◆ Directions
Will you quote precisely the lines that run from the top of the material below to the line containing "then (3*t, 3*t)", both ends included?

◆ Given entries

(* There exists a CPwL map $F:\mathbb{R}^2\to\mathbb{R}^2$ such that \[ F(E(t))=E(r(t))\qquad\text{for all } t\in[0,1]. \] Moreover, $F$ admits an exact finite ReLU network realization (of some fixed width and depth).
   Context: $r:[0,1]\to[0,1]$ is defined by $r(t)=2t-\lfloor 2t\rfloor$ for $t\in[0,1)$ and $r(1)=1$. Let $\Gamma$ be the boundary of the triangle with vertices $a_0=(0,0)$, $a_1=(1,1)$, $a_2=(1,0)$, parametrized by $E:[0,1]\to\Gamma$, \[ E(t)=\begin{cases}(3t,3t),&0\le t\le\tfrac13,\\(1,2-3t),&\tfrac13\le t\le\tfrac23,\\(3-3t,0),&\tfrac23\le t\le1.\end{cases} \] CPwL means continuous piecewise linear (continuous, and affine on the cells of a finite polygonal subdivision of every compact set). *)

theory Defs
  imports "HOL-Analysis.Analysis"
begin

definition r_map :: "real \<Rightarrow> real" where
  "r_map t = (if t = 1 then 1 else 2 * t - of_int \<lfloor>2 * t\<rfloor>)"

definition E_param :: "real \<Rightarrow> real \<times> real" where
  "E_param t = (if t \<le> 1/3 then (3*t, 3*t)
                else if t \<le> 2/3 then (1, 2 - 3*t)
                else (3 - 3*t, 0))"

definition affine_on :: "(real \<times> real \<Rightarrow> real \<times> real) \<Rightarrow> (real \<times> real) set \<Rightarrow> bool" where
  "affine_on F P \<longleftrightarrow> (\<exists>A b. linear A \<and> (\<forall>x\<in>P. F x = A x + b))"

definition CPwL :: "(real \<times> real \<Rightarrow> real \<times> real) \<Rightarrow> bool" where
  "CPwL F \<longleftrightarrow> continuous_on UNIV F \<and>
     (\<forall>K. compact K \<longrightarrow> (\<exists>\<C>. finite \<C> \<and> K \<subseteq> \<Union>\<C> \<and>
        (\<forall>P\<in>\<C>. polytope P \<and> affine_on F P)))"

text \<open>ReLU networks: a list of layers (W, b), with W a list of rows.\<close>
definition relu :: "real \<Rightarrow> real" where
  "relu x = max 0 x"

definition layer_affine :: "real list list \<times> real list \<Rightarrow> real list \<Rightarrow> real list" where
  "layer_affine L x = map2 (\<lambda>row bi. sum_list (map2 (*) row x) + bi) (fst L) (snd L)"

fun net_eval :: "(real list list \<times> real list) list \<Rightarrow> real list \<Rightarrow> real list" where
  "net_eval [] x = x"
| "net_eval [L] x = layer_affine L x"
| "net_eval (L # Ls) x = net_eval Ls (map relu (layer_affine L x))"

fun valid_net :: "nat \<Rightarrow> nat \<Rightarrow> (real list list \<times> real list) list \<Rightarrow> bool" where
  "valid_net n m [] \<longleftrightarrow> n = m"
| "valid_net n m (L # Ls) \<longleftrightarrow>
     length (fst L) = length (snd L) \<and> (\<forall>row\<in>set (fst L). length row = n) \<and>
     valid_net (length (snd L)) m Ls"

definition relu_realizes :: "(real list list \<times> real list) list \<Rightarrow> (real \<times> real \<Rightarrow> real \<times> real) \<Rightarrow> bool" where
  "relu_realizes N F \<longleftrightarrow> valid_net 2 2 N \<and>
     (\<forall>x y. net_eval N [x, y] = [fst (F (x, y)), snd (F (x, y))])"

end

theory Submission
  imports Defs
begin

text \<open>Take \<open>F(p) = 2p\<close> corrected by four ReLU ridges whose hinge lines \<open>x = 1/2\<close>,
  \<open>y = x/2\<close>, \<open>x - y = 1/2\<close> and \<open>x + y = 1\<close> pass through the edge midpoints
  \<open>E(1/6)\<close>, \<open>E(1/2)\<close>, \<open>E(5/6)\<close>, which \<open>r\<close> sends to vertices of \<open>\<Gamma>\<close>; on each half-edge
  \<open>F\<close> is then the affine map required by \<open>E \<circ> r\<close>. Any map \<open>b + \<Sum> relu(w \<bullet> p - c) v\<close> is
  affine on every cell of the arrangement of its hinge lines, hence CPwL, and it is computed
  by a ReLU network with one hidden neuron per hinge.\<close>

lemma affine_on_subset: "affine_on F P \<Longrightarrow> Q \<subseteq> P \<Longrightarrow> affine_on F Q"
  unfolding affine_on_def by blast

lemma affine_on_cong: "(\<And>x. x \<in> P \<Longrightarrow> F x = G x) \<Longrightarrow> affine_on G P \<Longrightarrow> affine_on F P"
  unfolding affine_on_def by simp

lemma affine_on_const: "affine_on (\<lambda>x. b) P"
  unfolding affine_on_def by (rule exI[of _ "\<lambda>x. 0"]) (auto intro: linear_zero)

lemma affine_on_add:
  assumes "affine_on F P" "affine_on G P"
  shows "affine_on (\<lambda>x. F x + G x) P"
proof -
  obtain A a B b where "linear A" "linear B" "\<forall>x\<in>P. F x = A x + a" "\<forall>x\<in>P. G x = B x + b"
    using assms unfolding affine_on_def by metis
  then have "linear (\<lambda>x. A x + B x)" "\<forall>x\<in>P. F x + G x = (A x + B x) + (a + b)"
    by (auto intro: linear_compose_add simp: algebra_simps)
  then show ?thesis
    unfolding affine_on_def by blast
qed

lemma affine_on_sum_list:
  "(\<And>h. h \<in> set hs \<Longrightarrow> affine_on (f h) P) \<Longrightarrow> affine_on (\<lambda>x. \<Sum>h\<leftarrow>hs. f h x) P"
  by (induction hs) (auto intro: affine_on_add affine_on_const)

lemma CPwL_if_polyhedral_pieces:
  assumes "continuous_on UNIV F" "finite \<P>" "\<Union>\<P> = UNIV"
    and pieces: "\<And>P. P \<in> \<P> \<Longrightarrow> polyhedron P \<and> affine_on F P"
  shows "CPwL F"
  unfolding CPwL_def
proof (intro conjI allI impI)
  fix K :: "(real \<times> real) set"
  assume "compact K"
  then obtain a where a: "K \<subseteq> cbox (-a) a"
    using bounded_subset_cbox_symmetric compact_imp_bounded by metis
  let ?\<C> = "(\<lambda>P. cbox (-a) a \<inter> P) ` \<P>"
  have "\<forall>C\<in>?\<C>. polytope C \<and> affine_on F C"
    using pieces by (auto intro: polytope_Int_polyhedron polytope_interval affine_on_subset)
  moreover have "K \<subseteq> \<Union>?\<C>"
    using a \<open>\<Union>\<P> = UNIV\<close> by blast
  ultimately show "\<exists>\<C>. finite \<C> \<and> K \<subseteq> \<Union>\<C> \<and> (\<forall>P\<in>\<C>. polytope P \<and> affine_on F P)"
    using \<open>finite \<P>\<close> by blast
qed (fact assms)

type_synonym hinge = "(real \<times> real) \<times> real \<times> (real \<times> real)"

definition ridge :: "hinge \<Rightarrow> real \<times> real \<Rightarrow> real \<times> real" where
  "ridge h p = (case h of (w, c, v) \<Rightarrow> relu (w \<bullet> p - c) *\<^sub>R v)"

definition hinge_sum :: "real \<times> real \<Rightarrow> hinge list \<Rightarrow> real \<times> real \<Rightarrow> real \<times> real" where
  "hinge_sum b hs p = b + (\<Sum>h\<leftarrow>hs. ridge h p)"

lemma continuous_on_hinge_sum: "continuous_on UNIV (hinge_sum b hs)"
proof (induction hs)
  case Nil
  then show ?case by (simp add: hinge_sum_def)
next
  case (Cons h hs)
  have "continuous_on UNIV (ridge h)"
    unfolding ridge_def relu_def prod.case_eq_if by (intro continuous_intros)
  then have "continuous_on UNIV (\<lambda>p. ridge h p + hinge_sum b hs p)"
    using Cons.IH by (intro continuous_intros)
  then show ?case
    by (simp add: hinge_sum_def algebra_simps)
qed

lemma affine_on_ridge:
  assumes "P \<subseteq> {p. c \<le> w \<bullet> p} \<or> P \<subseteq> {p. w \<bullet> p \<le> c}"
  shows "affine_on (ridge (w, c, v)) P"
  using assms
proof
  assume "P \<subseteq> {p. c \<le> w \<bullet> p}"
  then have "\<forall>p\<in>P. ridge (w, c, v) p = (w \<bullet> p) *\<^sub>R v + (- c *\<^sub>R v)"
    by (auto simp: ridge_def relu_def scaleR_diff_left)
  moreover have "linear (\<lambda>p. (w \<bullet> p) *\<^sub>R v)"
    by (rule linearI) (auto simp: inner_add_right scaleR_add_left)
  ultimately show ?thesis
    unfolding affine_on_def by blast
next
  assume "P \<subseteq> {p. w \<bullet> p \<le> c}"
  then show ?thesis
    by (intro affine_on_cong[OF _ affine_on_const[of 0]]) (auto simp: ridge_def relu_def)
qed

definition hinge_cell :: "hinge list \<Rightarrow> hinge set \<Rightarrow> (real \<times> real) set" where
  "hinge_cell hs S = (\<Inter>(w, c, v)\<in>S. {p. c \<le> w \<bullet> p}) \<inter> (\<Inter>(w, c, v)\<in>set hs - S. {p. w \<bullet> p \<le> c})"

lemma polyhedron_hinge_cell: "finite S \<Longrightarrow> polyhedron (hinge_cell hs S)"
  unfolding hinge_cell_def
  by (intro polyhedron_Int polyhedron_Inter)
     (auto simp: polyhedron_halfspace_ge polyhedron_halfspace_le)

lemma affine_on_hinge_cell:
  assumes "S \<subseteq> set hs"
  shows "affine_on (hinge_sum b hs) (hinge_cell hs S)"
proof -
  have "affine_on (ridge (w, c, v)) (hinge_cell hs S)" if "(w, c, v) \<in> set hs" for w c v
  proof (rule affine_on_ridge)
    show "hinge_cell hs S \<subseteq> {p. c \<le> w \<bullet> p} \<or> hinge_cell hs S \<subseteq> {p. w \<bullet> p \<le> c}"
      using that by (cases "(w, c, v) \<in> S") (auto simp: hinge_cell_def)
  qed
  then show ?thesis
    unfolding hinge_sum_def by (auto intro!: affine_on_add affine_on_const affine_on_sum_list)
qed

lemma mem_hinge_cell_sign_pattern:
  "p \<in> hinge_cell hs {h \<in> set hs. case h of (w, c, v) \<Rightarrow> c \<le> w \<bullet> p}"
  unfolding hinge_cell_def by force

lemma Union_hinge_cells: "\<Union>(hinge_cell hs ` Pow (set hs)) = UNIV"
proof (rule UNIV_eq_I[symmetric])
  show "p \<in> \<Union>(hinge_cell hs ` Pow (set hs))" for p
    using mem_hinge_cell_sign_pattern[of p hs] by (rule UN_I[rotated]) auto
qed

lemma CPwL_hinge_sum: "CPwL (hinge_sum b hs)"
  by (rule CPwL_if_polyhedral_pieces[of _ "hinge_cell hs ` Pow (set hs)"])
     (auto simp: continuous_on_hinge_sum Union_hinge_cells affine_on_hinge_cell
           intro: polyhedron_hinge_cell finite_subset)

lemma fst_sum_list: "fst (sum_list xs) = sum_list (map fst xs)"
  by (induction xs) auto

lemma snd_sum_list: "snd (sum_list xs) = sum_list (map snd xs)"
  by (induction xs) auto

definition hinge_net :: "real \<times> real \<Rightarrow> hinge list \<Rightarrow> (real list list \<times> real list) list" where
  "hinge_net b hs =
     [(map (\<lambda>(w, c, v). [fst w, snd w]) hs, map (\<lambda>(w, c, v). - c) hs),
      ([map (\<lambda>(w, c, v). fst v) hs, map (\<lambda>(w, c, v). snd v) hs], [fst b, snd b])]"

lemma relu_realizes_hinge_net: "relu_realizes (hinge_net b hs) (hinge_sum b hs)"
  unfolding relu_realizes_def
proof (intro conjI allI)
  show "valid_net 2 2 (hinge_net b hs)"
    by (auto simp: hinge_net_def)
next
  fix x y :: real
  let ?hidden = "map (\<lambda>(w, c, v). relu (w \<bullet> (x, y) - c)) hs"
  let ?output = "([map (\<lambda>(w, c, v). fst v) hs, map (\<lambda>(w, c, v). snd v) hs], [fst b, snd b])"
  have "net_eval (hinge_net b hs) [x, y] = layer_affine ?output ?hidden"
    by (simp add: hinge_net_def layer_affine_def zip_map_map zip_same_conv_map split_def
        inner_prod_def)
  also have "\<dots> = [fst (hinge_sum b hs (x, y)), snd (hinge_sum b hs (x, y))]"
    by (simp add: layer_affine_def hinge_sum_def ridge_def fst_sum_list snd_sum_list
        zip_map_map zip_same_conv_map split_def o_def mult.commute)
  finally show "net_eval (hinge_net b hs) [x, y] =
      [fst (hinge_sum b hs (x, y)), snd (hinge_sum b hs (x, y))]" .
qed

text \<open>The first four hinges produce the linear part \<open>(x, y) \<mapsto> (2x - 2y, 2y)\<close>, via
  \<open>relu u - relu (-u) = u\<close>.\<close>
definition doubling_hinges :: "hinge list" where
  "doubling_hinges =
     [((1, 0), 0, (2, 0)), ((-1, 0), 0, (-2, 0)), ((0, 1), 0, (-2, 2)), ((0, -1), 0, (2, -2)),
      ((2, 0), 1, (-1, 0)), ((-2, 4), 0, (1, 0)), ((2, -2), 1, (0, 1)), ((2, 2), 2, (0, -1))]"

lemma relu_diff_relu_uminus: "relu u - relu (- u) = u"
  by (simp add: relu_def)

lemma hinge_sum_doubling_hinges:
  "hinge_sum 0 doubling_hinges (x, y) =
     (2 * x - 2 * y - relu (2 * x - 1) + relu (4 * y - 2 * x),
      2 * y + relu (2 * x - 2 * y - 1) - relu (2 * x + 2 * y - 2))"
proof -
  have "hinge_sum 0 doubling_hinges (x, y) =
     (2 * (relu x - relu (- x)) - 2 * (relu y - relu (- y)) - relu (2 * x - 1) + relu (4 * y - 2 * x),
      2 * (relu y - relu (- y)) + relu (2 * x - 2 * y - 1) - relu (2 * x + 2 * y - 2))"
    by (simp add: hinge_sum_def doubling_hinges_def ridge_def algebra_simps)
  then show ?thesis
    by (simp only: relu_diff_relu_uminus)
qed

lemma hinge_sum_doubling_hinges_E_param:
  assumes "t \<in> {0..1}"
  shows "hinge_sum 0 doubling_hinges (E_param t) = E_param (r_map t)"
proof -
  consider "t = 1" | "t < 1/2" | "1/2 \<le> t" "t < 1"
    using assms by fastforce
  then show ?thesis
  proof cases
    case 1
    then show ?thesis
      by (simp add: hinge_sum_doubling_hinges E_param_def r_map_def relu_def)
  next
    case 2
    then have "\<lfloor>2 * t\<rfloor> = 0"
      using assms by (simp add: floor_eq_iff)
    then show ?thesis
      using 2 assms by (simp add: hinge_sum_doubling_hinges E_param_def r_map_def relu_def)
  next
    case 3
    then have "\<lfloor>2 * t\<rfloor> = 1"
      using assms by (simp add: floor_eq_iff)
    then show ?thesis
      using 3 assms by (simp add: hinge_sum_doubling_hinges E_param_def r_map_def relu_def)
  qed
qed

theorem mainTheorem4:
  shows "\<exists>F. CPwL F \<and> (\<forall>t\<in>{0..1}. F (E_param t) = E_param (r_map t)) \<and>
             (\<exists>N. relu_realizes N F)"
  using CPwL_hinge_sum[of 0 doubling_hinges] hinge_sum_doubling_hinges_E_param
    relu_realizes_hinge_net[of 0 doubling_hinges]
  by blast

end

◆ Answer space
(* There exists a CPwL map $F:\mathbb{R}^2\to\mathbb{R}^2$ such that \[ F(E(t))=E(r(t))\qquad\text{for all } t\in[0,1]. \] Moreover, $F$ admits an exact finite ReLU network realization (of some fixed width and depth).
   Context: $r:[0,1]\to[0,1]$ is defined by $r(t)=2t-\lfloor 2t\rfloor$ for $t\in[0,1)$ and $r(1)=1$. Let $\Gamma$ be the boundary of the triangle with vertices $a_0=(0,0)$, $a_1=(1,1)$, $a_2=(1,0)$, parametrized by $E:[0,1]\to\Gamma$, \[ E(t)=\begin{cases}(3t,3t),&0\le t\le\tfrac13,\\(1,2-3t),&\tfrac13\le t\le\tfrac23,\\(3-3t,0),&\tfrac23\le t\le1.\end{cases} \] CPwL means continuous piecewise linear (continuous, and affine on the cells of a finite polygonal subdivision of every compact set). *)

theory Defs
  imports "HOL-Analysis.Analysis"
begin

definition r_map :: "real \<Rightarrow> real" where
  "r_map t = (if t = 1 then 1 else 2 * t - of_int \<lfloor>2 * t\<rfloor>)"

definition E_param :: "real \<Rightarrow> real \<times> real" where
  "E_param t = (if t \<le> 1/3 then (3*t, 3*t)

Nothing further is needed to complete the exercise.